(Given records)

(* Let $M=(\mathbf{D},\mathbf{I},\Sigma,\sim)$ be a model, $\sigma_1\in\Sigma$, $\alpha\in\mathcal{L}_{\mathsf{B}}$ and $z\in\{x,y\}$. Then $$M,\sigma_1\models \bigwedge_{\mathcal{T}\subseteq Cons}\Big(Rz=\mathcal{T}\to \bigwedge_{c\in \mathcal{T}}\alpha[c/z]\Big)$$ iff for all $\sigma_2\in\mathsf{R}^z(\sigma_1)$, $M',\sigma_2\models\alpha$, where $M'=(\mathbf{D},\mathbf{I},\Sigma',\sim')$ is the update of $M$ associated to $\sigma_2$ induced by $[z]$.
   Context: Vocabulary: $Pred$ set of predicate symbols with arities containing a binary symbol $R$; $Cons$ nonempty finite set of constants; $Var=\{x,y\}$; terms are elements of $Cons\cup Var$. $\mathcal{L}_{\mathsf{B}}$: $\alpha::=P(t_1,\dots,t_m)\mid t_1\equiv t_2\mid\neg\alpha\mid(\alpha\land\alpha)$. $\alpha[c/z]$ is the result of replacing every occurrence of $z$ in $\alpha$ by $c$. For $\mathcal{T}\subseteq Cons$ and a term $u$, $Ru=\mathcal{T}:=\bigwedge_{t\in\mathcal{T}}Rut\land\bigwedge_{t\in Cons\setminus\mathcal{T}}\neg Rut$. A model is $M=(\mathbf{D},\mathbf{I},\Sigma,\sim)$: $\mathbf{D}$ nonempty finite; $\mathbf{I}(P)\subseteq\mathbf{D}^m$ for $m$-ary $P$, with $\mathbf{R}:=\mathbf{I}(R)$ serial; $\mathbf{I}(c)\in\mathbf{D}$ for $c\in Cons$, every element of $\mathbf{D}$ being some $\mathbf{I}(c)$; $\Sigma\subseteq\mathbf{D}^{Var}$ nonempty set of assignments (situations); $\sim_x,\sim_y$ equivalence relations on $\Sigma$. Semantics of $\mathcal{L}_{\mathsf{B}}$: with $t^{(\mathbf{I},\sigma)}=\mathbf{I}(t)$ for constants, $\sigma(t)$ for variables, $M,\sigma\models P(t_1,\dots,t_m)$ iff $(t_1^{(\mathbf{I},\sigma)},\dots,t_m^{(\mathbf{I},\sigma)})\in\mathbf{I}(P)$, $M,\sigma\models t_1\equiv t_2$ iff the values are equal, Boolean clauses standard. Fix a natural number $k$ (the sight). For $s\in\mathbf{D}$: $\mathbb{D}^0(s)=\{s\}$, $\mathbb{D}^{m+1}(s)=\mathbb{D}^m(s)\cup\{t:\exists u\in\mathbb{D}^m(s),(u,t)\in\mathbf{R}\text{ or }(t,u)\in\mathbf{R}\}$. For $\sigma,\sigma'\in\mathbf{D}^{Var}$, $\mathsf{R}^z\sigma\sigma'$ iff $(\sigma(z),\sigma'(z))\in\mathbf{R}$ and $\sigma(z')=\sigma'(z')$ for the other variable $z'$; $\mathsf{R}^z(\Gamma)=\{\sigma':\exists\sigma\in\Gamma,\mathsf{R}^z\sigma\sigma'\}$, $\mathsf{R}^z(\sigma)=\mathsf{R}^z(\{\sigma\})$; $\Sigma|\sigma=\{\sigma'\in\Sigma:\sigma\sim_w\sigma'\text{ for some }w\in Var\}$. For $\sigma_2\in\mathsf{R}^z(\sigma_1)$, the update of $M$ associated to $\sigma_2$ induced by $[z]$ is $(\mathbf{D},\mathbf{I},\Sigma',\sim')$ with $\Sigma'=\{\sigma_2\}$ if $\sigma_2(x)\in\mathbb{D}^k(\sigma_2(y))$, and otherwise $\Sigma'=\{\sigma'\in\mathsf{R}^z(\Sigma|\sigma_1):\sigma'(x)\notin\mathbb{D}^k(\sigma'(y))\}$; and $\sigma'_1\sim'_w\sigma'_2$ iff $\sigma'_1(w)=\sigma'_2(w)$, for $w\in Var$. *)

theory Defs
  imports Main
begin

datatype var = X | Y

datatype 'c trm = Con 'c | Vr var

datatype ('p, 'c) fm =
    Atom 'p "'c trm list"
  | Eq "'c trm" "'c trm"
  | Neg "('p, 'c) fm"
  | Conj "('p, 'c) fm" "('p, 'c) fm"

type_synonym 'd asg = "var \<Rightarrow> 'd"

text \<open>Models.  The set Cons of constants is the (finite, nonempty) type 'c.\<close>
record ('p, 'c, 'd) model =
  Dom :: "'d set"
  IP  :: "'p \<Rightarrow> 'd list set"
  IC  :: "'c \<Rightarrow> 'd"
  Sig :: "'d asg set"
  sim :: "var \<Rightarrow> ('d asg \<times> 'd asg) set"

definition Rrel :: "'p \<Rightarrow> ('p, 'c, 'd) model \<Rightarrow> ('d \<times> 'd) set" where
  "Rrel R M = {(a, b). [a, b] \<in> IP M R}"

definition is_model ::
  "('p \<Rightarrow> nat) \<Rightarrow> 'p \<Rightarrow> ('p, 'c::finite, 'd) model \<Rightarrow> bool" where
  "is_model ar R M \<longleftrightarrow>
     ar R = 2 \<and>
     finite (Dom M) \<and> Dom M \<noteq> {} \<and>
     (\<forall>P. \<forall>ds \<in> IP M P. length ds = ar P \<and> set ds \<subseteq> Dom M) \<and>
     (\<forall>a \<in> Dom M. \<exists>b. (a, b) \<in> Rrel R M) \<and>
     (\<forall>c. IC M c \<in> Dom M) \<and>
     Dom M = range (IC M) \<and>
     Sig M \<noteq> {} \<and> (\<forall>\<sigma> \<in> Sig M. \<forall>v. \<sigma> v \<in> Dom M) \<and>
     (\<forall>w. equiv (Sig M) (sim M w))"

fun wf :: "('p \<Rightarrow> nat) \<Rightarrow> ('p, 'c) fm \<Rightarrow> bool" where
  "wf ar (Atom P ts) = (length ts = ar P)"
| "wf ar (Eq t u) = True"
| "wf ar (Neg a) = wf ar a"
| "wf ar (Conj a b) = (wf ar a \<and> wf ar b)"

fun evalt :: "('p, 'c, 'd) model \<Rightarrow> 'd asg \<Rightarrow> 'c trm \<Rightarrow> 'd" where
  "evalt M \<sigma> (Con c) = IC M c"
| "evalt M \<sigma> (Vr v) = \<sigma> v"

fun sat :: "('p, 'c, 'd) model \<Rightarrow> 'd asg \<Rightarrow> ('p, 'c) fm \<Rightarrow> bool" where
  "sat M \<sigma> (Atom P ts) = (map (evalt M \<sigma>) ts \<in> IP M P)"
| "sat M \<sigma> (Eq t u) = (evalt M \<sigma> t = evalt M \<sigma> u)"
| "sat M \<sigma> (Neg a) = (\<not> sat M \<sigma> a)"
| "sat M \<sigma> (Conj a b) = (sat M \<sigma> a \<and> sat M \<sigma> b)"

definition Imp :: "('p, 'c) fm \<Rightarrow> ('p, 'c) fm \<Rightarrow> ('p, 'c) fm" where
  "Imp a b = Neg (Conj a (Neg b))"

definition Top :: "('p, 'c) fm" where
  "Top = Eq (Vr X) (Vr X)"

fun conjs :: "('p, 'c) fm list \<Rightarrow> ('p, 'c) fm" where
  "conjs [] = Top"
| "conjs (a # as) = Conj a (conjs as)"

definition BigConj :: "('p, 'c) fm set \<Rightarrow> ('p, 'c) fm" where
  "BigConj S = conjs (SOME xs. set xs = S)"

fun substt :: "var \<Rightarrow> 'c \<Rightarrow> 'c trm \<Rightarrow> 'c trm" where
  "substt z c (Con d) = Con d"
| "substt z c (Vr v) = (if v = z then Con c else Vr v)"

fun subst :: "var \<Rightarrow> 'c \<Rightarrow> ('p, 'c) fm \<Rightarrow> ('p, 'c) fm" where
  "subst z c (Atom P ts) = Atom P (map (substt z c) ts)"
| "subst z c (Eq t u) = Eq (substt z c t) (substt z c u)"
| "subst z c (Neg a) = Neg (subst z c a)"
| "subst z c (Conj a b) = Conj (subst z c a) (subst z c b)"

definition Req :: "'p \<Rightarrow> 'c trm \<Rightarrow> 'c::finite set \<Rightarrow> ('p, 'c) fm" where
  "Req R u T = Conj (BigConj {Atom R [u, Con t] | t. t \<in> T})
                    (BigConj {Neg (Atom R [u, Con t]) | t. t \<notin> T})"

fun Dk :: "'p \<Rightarrow> ('p, 'c, 'd) model \<Rightarrow> nat \<Rightarrow> 'd \<Rightarrow> 'd set" where
  "Dk R M 0 s = {s}"
| "Dk R M (Suc m) s = Dk R M m s \<union>
     {t. \<exists>u \<in> Dk R M m s. (u, t) \<in> Rrel R M \<or> (t, u) \<in> Rrel R M}"

definition other :: "var \<Rightarrow> var" where
  "other z = (if z = X then Y else X)"

definition Rz :: "'p \<Rightarrow> ('p, 'c, 'd) model \<Rightarrow> var \<Rightarrow> 'd asg set \<Rightarrow> 'd asg set" where
  "Rz R M z \<Gamma> = {\<sigma>'. \<exists>\<sigma> \<in> \<Gamma>. (\<sigma> z, \<sigma>' z) \<in> Rrel R M \<and> \<sigma> (other z) = \<sigma>' (other z)}"

definition restr :: "('p, 'c, 'd) model \<Rightarrow> 'd asg \<Rightarrow> 'd asg set" where
  "restr M \<sigma> = {\<sigma>' \<in> Sig M. \<exists>w. (\<sigma>, \<sigma>') \<in> sim M w}"

definition upd :: "'p \<Rightarrow> nat \<Rightarrow> var \<Rightarrow> 'd asg \<Rightarrow> 'd asg \<Rightarrow>
                   ('p, 'c, 'd) model \<Rightarrow> ('p, 'c, 'd) model" where
  "upd R k z \<sigma>1 \<sigma>2 M =
     (let S' = (if \<sigma>2 X \<in> Dk R M k (\<sigma>2 Y) then {\<sigma>2}
                else {\<sigma>' \<in> Rz R M z (restr M \<sigma>1). \<sigma>' X \<notin> Dk R M k (\<sigma>' Y)})
      in M\<lparr>Sig := S', sim := (\<lambda>w. {(a, b). a \<in> S' \<and> b \<in> S' \<and> a w = b w})\<rparr>)"

end

theory Submission
  imports Defs
begin

text \<open>An update changes only the situations and the indistinguishability relations, while the
  truth of an \<open>\<L>\<^sub>B\<close> formula at an assignment depends only on the interpretation. So the right-hand
  side just says that \<open>\<alpha>\<close> holds at every \<open>z\<close>-variant of \<open>\<sigma>\<^sub>1\<close> along \<open>R\<close>. On the left, exactly one
  conjunct has a true guard, namely the one for the set \<open>\<T>\<close> of constants naming \<open>R\<close>-successors
  of \<open>\<sigma>\<^sub>1 z\<close>; since every element is named by a constant, its conclusion says the same thing.\<close>

lemma sat_conjs: "sat M \<sigma> (conjs \<phi>s) \<longleftrightarrow> (\<forall>\<phi>\<in>set \<phi>s. sat M \<sigma> \<phi>)"
  by (induction \<phi>s) (auto simp: Top_def)

lemma sat_BigConj: "finite S \<Longrightarrow> sat M \<sigma> (BigConj S) \<longleftrightarrow> (\<forall>\<phi>\<in>S. sat M \<sigma> \<phi>)"
  unfolding BigConj_def sat_conjs by (simp add: someI_ex[OF finite_list])

lemma sat_BigConj_setcompr:
  "sat M \<sigma> (BigConj {f x | x :: 'a::finite. P x}) \<longleftrightarrow> (\<forall>x. P x \<longrightarrow> sat M \<sigma> (f x))"
  by (subst sat_BigConj) (auto intro: finite_image_set)

lemma sat_Imp: "sat M \<sigma> (Imp \<phi> \<psi>) \<longleftrightarrow> (sat M \<sigma> \<phi> \<longrightarrow> sat M \<sigma> \<psi>)"
  by (simp add: Imp_def)

lemma evalt_substt: "evalt M \<sigma> (substt z c t) = evalt M (\<sigma>(z := IC M c)) t"
  by (cases t) auto

lemma sat_subst: "sat M \<sigma> (subst z c \<alpha>) \<longleftrightarrow> sat M (\<sigma>(z := IC M c)) \<alpha>"
  by (induction \<alpha>) (simp_all add: evalt_substt comp_def fun_upd_def)

lemma sat_cong_interp:
  assumes "IP M' = IP M" and "IC M' = IC M"
  shows "sat M' \<sigma> \<alpha> \<longleftrightarrow> sat M \<sigma> \<alpha>"
proof -
  have "evalt M' \<sigma> = evalt M \<sigma>"
  proof
    show "evalt M' \<sigma> t = evalt M \<sigma> t" for t
      using assms(2) by (cases t) simp_all
  qed
  then show ?thesis
    by (induction \<alpha>) (simp_all add: assms(1))
qed

lemma sat_upd: "sat (upd R k z \<sigma>\<^sub>1 \<sigma>\<^sub>2 M) \<sigma> \<alpha> \<longleftrightarrow> sat M \<sigma> \<alpha>"
  by (rule sat_cong_interp) (simp_all add: upd_def Let_def)

lemma sat_Req:
  fixes T :: "'c::finite set"
  shows "sat M \<sigma> (Req R u T) \<longleftrightarrow> T = {t. (evalt M \<sigma> u, IC M t) \<in> Rrel R M}"
  by (auto simp: Req_def sat_BigConj_setcompr Rrel_def)

lemma Rrel_successor_named:
  assumes "is_model ar R M" and "(a, b) \<in> Rrel R M"
  shows "b \<in> range (IC M)"
proof -
  from assms have "set [a, b] \<subseteq> Dom M" and "Dom M = range (IC M)"
    unfolding is_model_def Rrel_def by blast+
  then show ?thesis by simp
qed

lemma other_neq: "other z \<noteq> z"
  by (cases z) (simp_all add: other_def)

lemma eq_fun_upd_if_agree_other:
  assumes "\<sigma> (other z) = \<sigma>' (other z)"
  shows "\<sigma>' = \<sigma>(z := \<sigma>' z)"
proof
  fix v
  have "v = z \<or> v = other z"
    by (cases v; cases z) (simp_all add: other_def)
  then show "\<sigma>' v = (\<sigma>(z := \<sigma>' z)) v"
    using assms by auto
qed

lemma Rz_singleton: "Rz R M z {\<sigma>} = (\<lambda>b. \<sigma>(z := b)) ` {b. (\<sigma> z, b) \<in> Rrel R M}"
proof (intro equalityI subsetI)
  fix \<sigma>' assume "\<sigma>' \<in> Rz R M z {\<sigma>}"
  then have "(\<sigma> z, \<sigma>' z) \<in> Rrel R M" and "\<sigma>' = \<sigma>(z := \<sigma>' z)"
    by (simp_all add: Rz_def eq_fun_upd_if_agree_other)
  then show "\<sigma>' \<in> (\<lambda>b. \<sigma>(z := b)) ` {b. (\<sigma> z, b) \<in> Rrel R M}"
    by blast
qed (auto simp: Rz_def other_neq)

theorem fact5:
  fixes M :: "('p, 'c::finite, 'd) model"
    and ar :: "'p \<Rightarrow> nat" and R :: 'p and k :: nat
    and \<sigma>1 :: "'d asg" and \<alpha> :: "('p, 'c) fm" and z :: var
  assumes "is_model ar R M"
    and "\<sigma>1 \<in> Sig M"
    and "wf ar \<alpha>"
  shows "sat M \<sigma>1 (BigConj {Imp (Req R (Vr z) T) (BigConj {subst z c \<alpha> | c. c \<in> T}) | T. T \<subseteq> UNIV})
     \<longleftrightarrow> (\<forall>\<sigma>2 \<in> Rz R M z {\<sigma>1}. sat (upd R k z \<sigma>1 \<sigma>2 M) \<sigma>2 \<alpha>)"
proof -
  have "sat M \<sigma>1 (BigConj {Imp (Req R (Vr z) T) (BigConj {subst z c \<alpha> | c. c \<in> T}) | T. T \<subseteq> UNIV})
      \<longleftrightarrow> (\<forall>T. sat M \<sigma>1 (Req R (Vr z) T) \<longrightarrow> (\<forall>c\<in>T. sat M \<sigma>1 (subst z c \<alpha>)))"
    unfolding sat_BigConj_setcompr sat_Imp by blast
  also have "\<dots> \<longleftrightarrow> (\<forall>c. (\<sigma>1 z, IC M c) \<in> Rrel R M \<longrightarrow> sat M (\<sigma>1(z := IC M c)) \<alpha>)"
    by (simp add: sat_Req sat_subst)
  also have "\<dots> \<longleftrightarrow> (\<forall>b. (\<sigma>1 z, b) \<in> Rrel R M \<longrightarrow> sat M (\<sigma>1(z := b)) \<alpha>)"
    using Rrel_successor_named[OF assms(1)] by blast
  also have "\<dots> \<longleftrightarrow> (\<forall>\<sigma>2 \<in> Rz R M z {\<sigma>1}. sat (upd R k z \<sigma>1 \<sigma>2 M) \<sigma>2 \<alpha>)"
    by (simp add: Rz_singleton sat_upd)
  finally show ?thesis .
qed

end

(End Given records)

- [Exercise directions]
Working from the material above, restate word for word the lines between the line with "asg \<Rightarrow> ('p, 'c)" and the line with "Conj (subst z", both included, and only those.

- [Solution for this task]
fun sat :: "('p, 'c, 'd) model \<Rightarrow> 'd asg \<Rightarrow> ('p, 'c) fm \<Rightarrow> bool" where
  "sat M \<sigma> (Atom P ts) = (map (evalt M \<sigma>) ts \<in> IP M P)"
| "sat M \<sigma> (Eq t u) = (evalt M \<sigma> t = evalt M \<sigma> u)"
| "sat M \<sigma> (Neg a) = (\<not> sat M \<sigma> a)"
| "sat M \<sigma> (Conj a b) = (sat M \<sigma> a \<and> sat M \<sigma> b)"

definition Imp :: "('p, 'c) fm \<Rightarrow> ('p, 'c) fm \<Rightarrow> ('p, 'c) fm" where
  "Imp a b = Neg (Conj a (Neg b))"

definition Top :: "('p, 'c) fm" where
  "Top = Eq (Vr X) (Vr X)"

fun conjs :: "('p, 'c) fm list \<Rightarrow> ('p, 'c) fm" where
  "conjs [] = Top"
| "conjs (a # as) = Conj a (conjs as)"

definition BigConj :: "('p, 'c) fm set \<Rightarrow> ('p, 'c) fm" where
  "BigConj S = conjs (SOME xs. set xs = S)"

fun substt :: "var \<Rightarrow> 'c \<Rightarrow> 'c trm \<Rightarrow> 'c trm" where
  "substt z c (Con d) = Con d"
| "substt z c (Vr v) = (if v = z then Con c else Vr v)"

fun subst :: "var \<Rightarrow> 'c \<Rightarrow> ('p, 'c) fm \<Rightarrow> ('p, 'c) fm" where
  "subst z c (Atom P ts) = Atom P (map (substt z c) ts)"
| "subst z c (Eq t u) = Eq (substt z c t) (substt z c u)"
| "subst z c (Neg a) = Neg (subst z c a)"
| "subst z c (Conj a b) = Conj (subst z c a) (subst z c b)"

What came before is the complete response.